Add Brown to Fight Against Ethanol Here

April 11, 2012

For the past year, it has seemed like many in Revere – most especially Ed O’Hara – have been the lone voices in the fight against a plan to bring Ethanol trains to the Revere Global Oil terminal, but now it seems that the fight is spreading and gaining some pretty important allies.

In a sit-down interview with the East Boston Times (the Journal’s sister publication), U.S. Sen. Scott Brown told a reporter that he would be hesitant to back any such plan without local approval – and likened the issue to his opposition of a large Liquid Natural Gas (LNG) facility that once had been proposed in Fall River.

When asked if he would stand with the residents again, he pretty much said he would, which is more than most in the federal delegation have done with the lone exception of Congressman Michael Capuano.

“For me, these kinds of issues are about location and concerns of those in the area who would be impacted,” said Brown. “For instance, I opposed the proposed LNG project in Fall River because I felt that it posed a safety threat to area residents. Community approval must be sought and granted before any project moves forward, especially if the safety of neighborhood residents is at stake.”

Already, Revere has registered a convincing ‘no’ vote on the Ethanol train proposal by Global, voting against the idea in a non-binding ballot question that appeared in last November’s City Election.

Meanwhile, several other neighboring cities that lie upon the commuter rail where the Ethanol trains would pass have also begun talking seriously about the idea.

In Everett, legislative bodies there have debated over the last several weeks whether or not to pass a resolution that would oppose Global’s plan.

Meanwhile, in Cambridge, its City Council has recently passed a resolution that registers opposition against the plan.

Boston City Councillors Sal LaMattina and Mark Ciommo have requested hearings with emergency responders to talk about the dangers involved in shipping the material through populated areas like Allston and Eastie. LaMattina went so far as to say it appeared to be a “recipe for disaster.”

Chelsea passed a resolution strongly condemning the plan at a meeting of its City Council last month.

O’Hara said he is glad to see that the opposition to the plan is gaining momentum.

“It’s about time,” he said. “More people should understand what’s being proposed and how many people this could potentially affect adversely.”

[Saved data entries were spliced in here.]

lemma card_run_avail: "card (run_avail r) \<le> m - r"
proof (induction r)
  case 0
  show ?case using card_mono[OF _ avail_subset] by fastforce
next
  case (Suc r)
  show ?case
  proof (cases "run_avail r = {}")
    case True
    then have "run_supply (Suc r) = run_supply r"
      by (simp add: run_supply_Suc fun_eq_iff)
    then show ?thesis using True by simp
  next
    case False
    then have "card (run_avail (Suc r)) < card (run_avail r)"
      by (intro psubset_card_mono run_avail_Suc_psubset) auto
    then show ?thesis using Suc.IH by linarith
  qed
qed

lemma run_avail_m: "run_avail m = {}"
  using card_run_avail[of m] by simp

lemma run_supply_nonneg: "0 \<le> run_supply r j"
proof (induction r)
  case 0
  show ?case by (simp add: ps_run_def ps_init_def)
next
  case (Suc r)
  let ?c = "eaters n Q (run_avail r) j"
  show ?case
  proof (cases "j \<in> run_avail r \<and> 0 < ?c")
    case True
    then have "phase_length n m Q (run_supply r) \<le> run_supply r j / real ?c"
      by (intro phase_length_le) auto
    then show ?thesis using True by (simp add: run_supply_Suc field_simps)
  next
    case False
    then show ?thesis using Suc.IH by (auto simp: run_supply_Suc)
  qed
qed

lemma run_supply_total: "real n * run_time r = (\<Sum>j<m. 1 - run_supply r j)"
proof (induction r)
  case 0
  show ?case by (simp add: ps_run_def ps_init_def)
next
  case (Suc r)
  let ?A = "run_avail r" and ?\<delta> = "phase_length n m Q (run_supply r)"
  have "(\<Sum>j<m. run_supply (Suc r) j)
      = (\<Sum>j<m. run_supply r j) - (\<Sum>j<m. if j \<in> ?A then real (eaters n Q ?A j) * ?\<delta> else 0)"
    by (simp add: run_supply_Suc if_distrib sum_subtractf[symmetric] cong: if_cong)
  also have "(\<Sum>j<m. if j \<in> ?A then real (eaters n Q ?A j) * ?\<delta> else 0)
      = (\<Sum>j\<in>?A. real (eaters n Q ?A j)) * ?\<delta>"
    using avail_subset[of m "run_supply r"]
    by (simp add: sum.inter_restrict[symmetric] sum_distrib_right Int_absorb1)
  also have "\<dots> = (if ?A = {} then 0 else real n * ?\<delta>)"
    using sum_eaters[of ?A n Q] top_item_avail by auto
  finally show ?case
    using Suc.IH by (cases "?A = {}") (simp_all add: run_time_Suc sum_subtractf algebra_simps)
qed

lemma run_time_le_one: "m \<le> n \<Longrightarrow> run_time r \<le> 1"
proof -
  assume "m \<le> n"
  have "real n * run_time r \<le> (\<Sum>j<m. 1)"
    unfolding run_supply_total using run_supply_nonneg by (intro sum_mono) auto
  also have "\<dots> \<le> real n * 1" using \<open>m \<le> n\<close> by simp
  finally show ?thesis using agents_pos by simp
qed

lemma run_alloc_mono: "r \<le> r' \<Longrightarrow> run_alloc r i j \<le> run_alloc r' i j"
proof (rule lift_Suc_mono_le[of "\<lambda>r. run_alloc r i j"])
  show "run_alloc q i j \<le> run_alloc (Suc q) i j" for q
    using phase_length_pos[of "run_supply q"] by (cases "run_avail q = {}") (auto simp: run_alloc_Suc)
qed

lemma run_alloc_nonneg: "0 \<le> run_alloc r i j"
  using run_alloc_mono[of 0 r i j] by (simp add: ps_run_def ps_init_def)

lemma run_alloc_sum_eq_run_time:
  assumes "finite B" and "i < n"
    and "\<forall>r'<r. run_avail r' \<noteq> {} \<longrightarrow> top_item (Q i) (run_avail r') \<in> B"
  shows "(\<Sum>j\<in>B. run_alloc r i j) = run_time r"
  using assms(3)
proof (induction r)
  case 0
  show ?case by (simp add: ps_run_def ps_init_def)
next
  case (Suc r)
  let ?A = "run_avail r" and ?\<delta> = "phase_length n m Q (run_supply r)"
  have "run_alloc (Suc r) i j
      = run_alloc r i j + (if ?A \<noteq> {} \<and> j = top_item (Q i) ?A then ?\<delta> else 0)" for j
    using \<open>i < n\<close> by (simp add: run_alloc_Suc)
  then have "(\<Sum>j\<in>B. run_alloc (Suc r) i j)
      = (\<Sum>j\<in>B. run_alloc r i j) + (if ?A = {} then 0 else ?\<delta>)"
    using Suc.prems \<open>finite B\<close> by (simp add: sum.distrib)
  then show ?case using Suc by (simp add: run_time_Suc)
qed

lemma utility_ps_alloc_le_one:
  assumes "m \<le> n" and "i < n" and "B \<subseteq> {..<m}"
  shows "utility B (ps_alloc n m Q i) \<le> 1"
proof -
  have "utility B (ps_alloc n m Q i) \<le> (\<Sum>j<m. run_alloc m i j)"
    unfolding utility_def ps_alloc_def using assms(3) run_alloc_nonneg by (intro sum_mono2) auto
  also have "\<dots> = run_time m"
    using assms(2) top_item_avail avail_subset by (intro run_alloc_sum_eq_run_time) blast+
  also have "\<dots> \<le> 1"
    using assms(1) by (rule run_time_le_one)
  finally show ?thesis .
qed

lemma exhaust_time_le_utility:
  assumes "i < n" and "j \<in> set (take k (Q i))"
  shows "exhaust_time n m Q j \<le> utility (set (take k (Q i))) (ps_alloc n m Q i)"
proof -
  let ?O = "set (take k (Q i))"
  let ?R = "LEAST r. run_supply r j \<le> 0"
  have "j < m"
    using assms orders by (auto simp: is_order_def dest: in_set_takeD)
  then have "run_supply m j \<le> 0"
    using run_avail_m by (auto simp: avail_def)
  then have "?R \<le> m"
    by (rule Least_le)
  have "j \<in> run_avail r" if "r < ?R" for r
    using not_less_Least[OF that] \<open>j < m\<close> by (simp add: avail_def)
  then have "\<forall>r<?R. run_avail r \<noteq> {} \<longrightarrow> top_item (Q i) (run_avail r) \<in> ?O"
    using assms(2) by (blast intro: top_item_take)
  then have "exhaust_time n m Q j = (\<Sum>x\<in>?O. run_alloc ?R i x)"
    unfolding exhaust_time_def using assms(1) by (intro run_alloc_sum_eq_run_time[symmetric]) auto
  also have "\<dots> \<le> (\<Sum>x\<in>?O. run_alloc m i x)"
    using \<open>?R \<le> m\<close> by (intro sum_mono run_alloc_mono)
  finally show ?thesis
    by (simp add: utility_def ps_alloc_def)
qed

end

theorem theorem3:
  fixes n m k :: nat and P :: "nat \<Rightarrow> nat list" and L' :: "nat list"
  assumes "m \<le> n" and "1 \<le> k" and "k \<le> m"
    and "\<forall>i<n. is_order m (P i)"
    and "is_order m L'"
    and "2/3 \<le> Max ((exhaust_time n m P) ` set (take k (P 0)))"
    and "Max ((exhaust_time n m P) ` set (take k (P 0))) \<le> 1"
  shows "utility (set (take k (P 0))) (ps_alloc n m (P(0 := L')) 0)
           \<le> 3/2 * utility (set (take k (P 0))) (ps_alloc n m P 0)"
proof -
  let ?O = "set (take k (P 0))"
  have "0 < n" using assms(1-3) by linarith
  interpret truthful: ps_profile n m P
    using assms(4) \<open>0 < n\<close> by unfold_locales
  interpret manipulated: ps_profile n m "P(0 := L')"
    using assms(4,5) \<open>0 < n\<close> by unfold_locales simp
  have "set (P 0) = {0..<m}"
    using assms(4) \<open>0 < n\<close> by (simp add: is_order_def)
  then have "?O \<subseteq> {..<m}" and "?O \<noteq> {}"
    using assms(2,3) set_take_subset[of k "P 0"] by (auto simp: Suc_le_eq take_eq_Nil)
  have "utility ?O (ps_alloc n m (P(0 := L')) 0) \<le> 1"
    using assms(1) \<open>0 < n\<close> \<open>?O \<subseteq> {..<m}\<close> by (rule manipulated.utility_ps_alloc_le_one)
  moreover have "Max (exhaust_time n m P ` ?O) \<le> utility ?O (ps_alloc n m P 0)"
    using \<open>?O \<noteq> {}\<close> \<open>0 < n\<close> by (intro Max.boundedI) (auto intro: truthful.exhaust_time_le_utility)
  ultimately show ?thesis
    using assms(6) by linarith
qed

Global has indicated they would like to begin shipments along the rail lines to Revere at some point in 2012.

  • Frank S. DeMasi

    The ability to receive fuels in gasseous or liquid form by rail may have greater benfits to our region when the east coast gasoline refineries shut down since there may not be sufficient short term capacity in the pipeline network.  Also the region as a major trade center and one of dependence on supply chain logistics (we don’t make anything here anymore) we need a viable multimodal transportation system and port infrastructure.  The magnitude of this tank car move assures continued viability of Boston’s freight rail and port logistics capability.
    Please note that Ethanol is not as highly rated as are other dangerous gasses and liquids.  Transportation Security Agency does not consider Ethanol at the same high risk level as poisonous inhalents.   Also as stated in the Mass DEP Ethanol report although the few tank car derailments of Ethanol have had sensational fires, and except for one incident, there were no fatalities, the spilled Ethanol had little or no long term environmental damages. 
    The advantage of having newly modernized rail ROW for the Ethanol trains from Albany to Revere will greatly mitigate the risk of derailment.  Most of the rail incidents involving Ethanol tank cars occurred on freight only ROW that is not maintained to the high standard as our rail lines.   The MBTA maintains class 3 (60 MPH Pass/40 MPH freight) to class 4 standards (80 MPH Passenger/60 MPH Freight) and slower speeds at crossings and on curves, on the row through the towns in our region and the route to be used for the Ethanol move.  The rail is continuously welded with out the rail joints that contribute to derailments on low density freight lines, and federal regulations mandate that they are inspected frequently.  Freight movements are made at less than 40 miles per hour and slower at grade crossings. 
    The Global license application for reactivating the rail delivery includes new siding tracks with the latest designs in trans-loading devices to contain any spills and prevention of fire.  Local fire departments receive grant funds for dealing with chemical and hazardous material fires and spills.   I hope any discussion of this move includes the extent of remediation training/equipment available and already of record.

  • RevereReporter(Staff)

    Been there, done that more than a year ago. We’ve talked about that in previous articles.